例えば、民間企業側にとっては、わざわざ官公庁の入札会場まで出向く必要がなくなり、移動時間や交通費の削減につながるとされました。また、書類の印刷や郵送の手間が省けるため、ペーパーレス化による環境負荷の低減や事務効率の向上も期待されていました。
官公庁側にとっても、膨大な書類の管理スペースを削減でき、システムの自動集計によって事務負担が大幅に軽減されると言われていたのです。このような利便性の高さから、多くの自治体や省庁が競うようにシステムを導入していきました。
効率化の裏側に隠された真実を注視する
しかし、こうした表向きのメリットだけを鵜呑みにして、電子入札を無批判に受け入れることには大きな危険が伴います。
効率化という言葉は非常に魅力的ですが、官公庁の契約事務において最も優先されるべきは単なる効率性だけではありません。国民の貴重な税金を適正に執行するための透明性、公平性、そして公正な競争環境の確保こそが最重要課題です。
電子入札の裏側を深く注視してみると、当初期待されていたメリットをはるかに凌駕するほどの深刻なデメリットや構造的な問題点が浮かび上がってきます。ペーパーレス化や移動の省略といった表面的な利便性の背後で、官公庁の契約手続きの根幹を揺るがすような事態が静かに進行しているのです。

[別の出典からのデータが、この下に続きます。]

(* For every $n\ge 3$ the set $\Theta$ is non-empty; that is, flexible cross-polytopes of type $(n)$ (the simplest type) exist in the Lobachevsky space $\Lambda^n$.
   Context: Let $\Theta\subset\mathbb{R}^{n+\binom n2}$ be the set of pairs $(\boldsymbol{\lambda},G)$, where $\boldsymbol{\lambda}=(\lambda_1,\dots,\lambda_n)$ has nonzero real entries with $\lambda_p\ne\pm\lambda_q$ for $p\ne q$, and $G=(g_{pq})$ is a real symmetric $n\times n$ matrix with units on the diagonal, such that, with $H=(h_{pq})$ defined by $h_{pp}=1$ and $h_{pq}=\frac{2\lambda_p(\lambda_pg_{pq}-\lambda_q)}{\lambda_p^2-\lambda_q^2}$ for $p\ne q$, the following hold: (i) $G$ is non-degenerate indefinite with negative index of inertia $1$, and all principal minors of $G$ of sizes $2\times2,\dots,(n-1)\times(n-1)$ are strictly positive; (ii) $\sum_{q=1}^n\sum_{r=1}^n g^{qr}h_{pq}h_{pr}<0$ for $p=1,\dots,n$, where $(g^{qr})=G^{-1}$. These are exactly the pairs for which the flexible cross-polytope in $\Lambda^n$ with tangents of half dihedral angles at a fixed facet $t_p(x)=\lambda_p x$ is well defined (with vertices $\mathbf{a}_p=a_p\mathbf{c}_p$ and $\mathbf{b}_p(x)=b_p\big(\sum_q h_{pq}\mathbf{c}_q-\frac{2\lambda_p^2x^2}{\lambda_p^2x^2+1}\mathbf{n}_p+\frac{2\lambda_px}{\lambda_p^2x^2+1}\mathbf{m}\big)$, where $\mathbf{n}_p$ have Gram matrix $G$, $\mathbf{c}_p$ is the dual basis, $\mathbf{m}$ is a unit vector orthogonal to all $\mathbf{n}_p$, and $a_p=\pm(-g^{pp})^{-1/2}$, $b_p=\pm(-\sum_{q,r}g^{qr}h_{pq}h_{pr})^{-1/2}$). *)

theory Defs
  imports "Jordan_Normal_Form.Determinant" "Jordan_Normal_Form.Char_Poly" "Jordan_Normal_Form.DL_Submatrix"
begin
lemma sum_kval_vtx_image:
  assumes "J \<subseteq> {0<..<length \<pi>}"
  shows "(\<Sum>p\<in>vtx \<pi> ` J. kval m n \<pi> p) = (\<Sum>j\<in>J. vertex_crossings j)"
proof -
  have "inj_on (vtx \<pi>) J"
    by (rule inj_on_subset[OF inj_on_vtx]) (use assms in auto)
  then show ?thesis
    using assms by (simp add: sum.reindex kval_vtx subset_iff)
qed

lemma vertex_crossings_endpoints: "vertex_crossings 0 = 0" "vertex_crossings (length \<pi>) = 0"
  using level_nonneg by (auto simp: level_length up_steps_def intro!: crossings_eq_0_below)

lemma sum_vertex_crossings_valleys_eq_peaks:
  "(\<Sum>j\<in>valleys \<pi>. vertex_crossings j) = (\<Sum>j\<in>peaks \<pi>. vertex_crossings j)"
proof -
  have "(\<Sum>j\<in>up_steps \<pi>. vertex_crossings (Suc j)) = (\<Sum>j\<in>up_steps \<pi>. vertex_crossings j)"
    using sum_crossings_shift[of "up_steps \<pi>" level "int m"]
    by (simp add: up_steps_def level_Suc)
  then show ?thesis
    using sum_up_steps_plus_peaks[of vertex_crossings \<pi>, OF vertex_crossings_endpoints] by simp
qed

lemma peak_of_maximal_level:
  obtains j0 where "j0 \<in> peaks \<pi>" "\<And>j. j \<le> length \<pi> \<Longrightarrow> level j \<le> level j0"
proof -
  obtain j0 where j0: "j0 \<le> length \<pi>" and max: "\<And>j. j \<le> length \<pi> \<Longrightarrow> level j \<le> level j0"
    using Max_in[of "level ` {..length \<pi>}"] Max_ge[of "level ` {..length \<pi>}"] by fastforce
  have len: "0 < length \<pi>"
    using length_eq m_pos by simp
  have level_1: "level 1 = (if \<pi> ! 0 then int m else - int n)"
    using level_Suc[OF len] by simp
  have "\<pi> ! 0"
  proof (rule ccontr)
    assume "\<not> \<pi> ! 0"
    then show False
      using level_1 level_nonneg[of 1] len n_pos by simp
  qed
  then have "0 < level j0"
    using max[of 1] level_1 len m_pos by simp
  have "j0 \<noteq> 0"
  proof
    assume "j0 = 0"
    then show False
      using \<open>0 < level j0\<close> by simp
  qed
  moreover have "j0 \<noteq> length \<pi>"
    using \<open>0 < level j0\<close> level_length by auto
  ultimately have j0_range: "0 < j0" "j0 < length \<pi>"
    using j0 by auto
  have "\<pi> ! (j0 - 1)"
  proof (rule ccontr)
    assume "\<not> \<pi> ! (j0 - 1)"
    then have "level j0 = level (j0 - 1) - int n"
      using level_Suc[of "j0 - 1"] j0_range by simp
    moreover have "level (j0 - 1) \<le> level j0"
      using j0_range by (intro max) simp
    ultimately show False
      using n_pos by simp
  qed
  moreover have "\<not> \<pi> ! j0"
  proof
    assume "\<pi> ! j0"
    then have "level (Suc j0) = level j0 + int m"
      using level_Suc[of j0] j0_range by simp
    then show False
      using max[of "Suc j0"] j0_range m_pos by simp
  qed
  ultimately show ?thesis
    using that max j0_range by (auto simp: peaks_def)
qed

lemma sum_kval_outer_vertices_star:
  "(\<Sum>p\<in>outer_vertices_star m n \<pi>. kval m n \<pi> p) = (\<Sum>p\<in>outer_vertices \<pi>. kval m n \<pi> p)"
proof -
  define a where "a = arg_max_on (lv m n) (outer_vertices \<pi>)"
  obtain j0 where j0: "j0 \<in> peaks \<pi>" and max: "\<And>j. j \<le> length \<pi> \<Longrightarrow> level j \<le> level j0"
    using peak_of_maximal_level by blast
  have "kval m n \<pi> a = 0" if a_outer: "a \<in> outer_vertices \<pi>"
  proof -
    obtain ja where ja: "ja \<in> peaks \<pi>" "a = vtx \<pi> ja"
      using a_outer outer_vertices_eq by auto
    have a_level: "lv m n a = level j0"
      unfolding a_def arg_max_on_def
    proof (rule arg_max_equality)
      show "vtx \<pi> j0 \<in> outer_vertices \<pi>"
        using j0 outer_vertices_eq by auto
    next
      fix p assume "p \<in> outer_vertices \<pi>"
      then show "lv m n p \<le> level j0"
        using max by (auto simp: outer_vertices_eq peaks_def)
    qed
    have "vertex_crossings ja = 0"
    proof (rule crossings_eq_0_above)
      fix i assume i: "i \<in> up_steps \<pi>"
      then have "level i + int m = level (Suc i)"
        by (simp add: up_steps_def level_Suc)
      also have "\<dots> \<le> level ja"
        using max[of "Suc i"] a_level ja i by (simp add: up_steps_def level_Suc)
      finally show "level i + int m \<le> level ja" .
    qed
    then show ?thesis
      using ja kval_vtx by (auto simp: peaks_def)
  qed
  then show ?thesis
    unfolding outer_vertices_star_def a_def[symmetric] by (simp add: sum_diff1_nat)
qed
definition l2_inner :: "('a \<Rightarrow> real) \<Rightarrow> ('a \<Rightarrow> complex) \<Rightarrow> ('a \<Rightarrow> complex) \<Rightarrow> complex" where
  "l2_inner m f g = (\<Sum>\<^sub>\<infinity>x. complex_of_real (m x) * f x * cnj (g x))"

definition energy :: "('a \<Rightarrow> 'a \<Rightarrow> real) \<Rightarrow> ('a \<Rightarrow> complex) \<Rightarrow> ('a \<Rightarrow> complex) \<Rightarrow> complex" where
  "energy b f g = (1/2) * (\<Sum>\<^sub>\<infinity>(x,y). complex_of_real (b x y) * (f x - f y) * cnj (g x - g y))"

text \<open>The operator associated with the (bounded) form restricted to l^2(\<Omega>,m):
  H f is the unique h in l^2(\<Omega>,m) with E(f,g) = <h,g> for all g in l^2(\<Omega>,m).\<close>
definition dirichlet_op :: "('a \<Rightarrow> 'a \<Rightarrow> real) \<Rightarrow> ('a \<Rightarrow> real) \<Rightarrow> 'a set \<Rightarrow> ('a \<Rightarrow> complex) \<Rightarrow> ('a \<Rightarrow> complex)" where
  "dirichlet_op b m \<Omega> f = (THE h. h \<in> l2 m \<Omega> \<and> (\<forall>g\<in>l2 m \<Omega>. energy b f g = l2_inner m h g))"

definition dirichlet_spectrum :: "('a \<Rightarrow> 'a \<Rightarrow> real) \<Rightarrow> ('a \<Rightarrow> real) \<Rightarrow> 'a set \<Rightarrow> complex set" where
  "dirichlet_spectrum b m \<Omega> =
     {z. \<not> bij_betw (\<lambda>f x. dirichlet_op b m \<Omega> f x - z * f x) (l2 m \<Omega>) (l2 m \<Omega>)}"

私たちは、デジタル化という時代の波に流されることなく、そのシステムが本当に官公庁の会計実務に適しているのかどうかを、冷静かつ客観的に見極めなければなりません。
電子入札に潜む莫大なコスト問題
導入経費と永遠に続くシステム保守経費
電子入札を導入し、さらに日々の運用を維持するためには莫大な費用が発生します。
まず、システムを構築するための初期導入経費として、多額の予算が投じられます。しかし、真の問題は初期費用だけにとどまりません。システムというものは、一度構築すればそれで終わりではなく、日々の運用監視、セキュリティ対策、エラー対策、OSのアップデート対応、機能改修など、さまざまなメンテナンスが必要となります。
これに伴い、導入後も毎年、永遠にシステム保守経費を、一部のIT企業へ支払い続けなくてはならないのです。数千万円から、組織の規模によっては数億円単位の維持管理費が、毎年度の予算から自動的に引き落とされるように支出されていきます。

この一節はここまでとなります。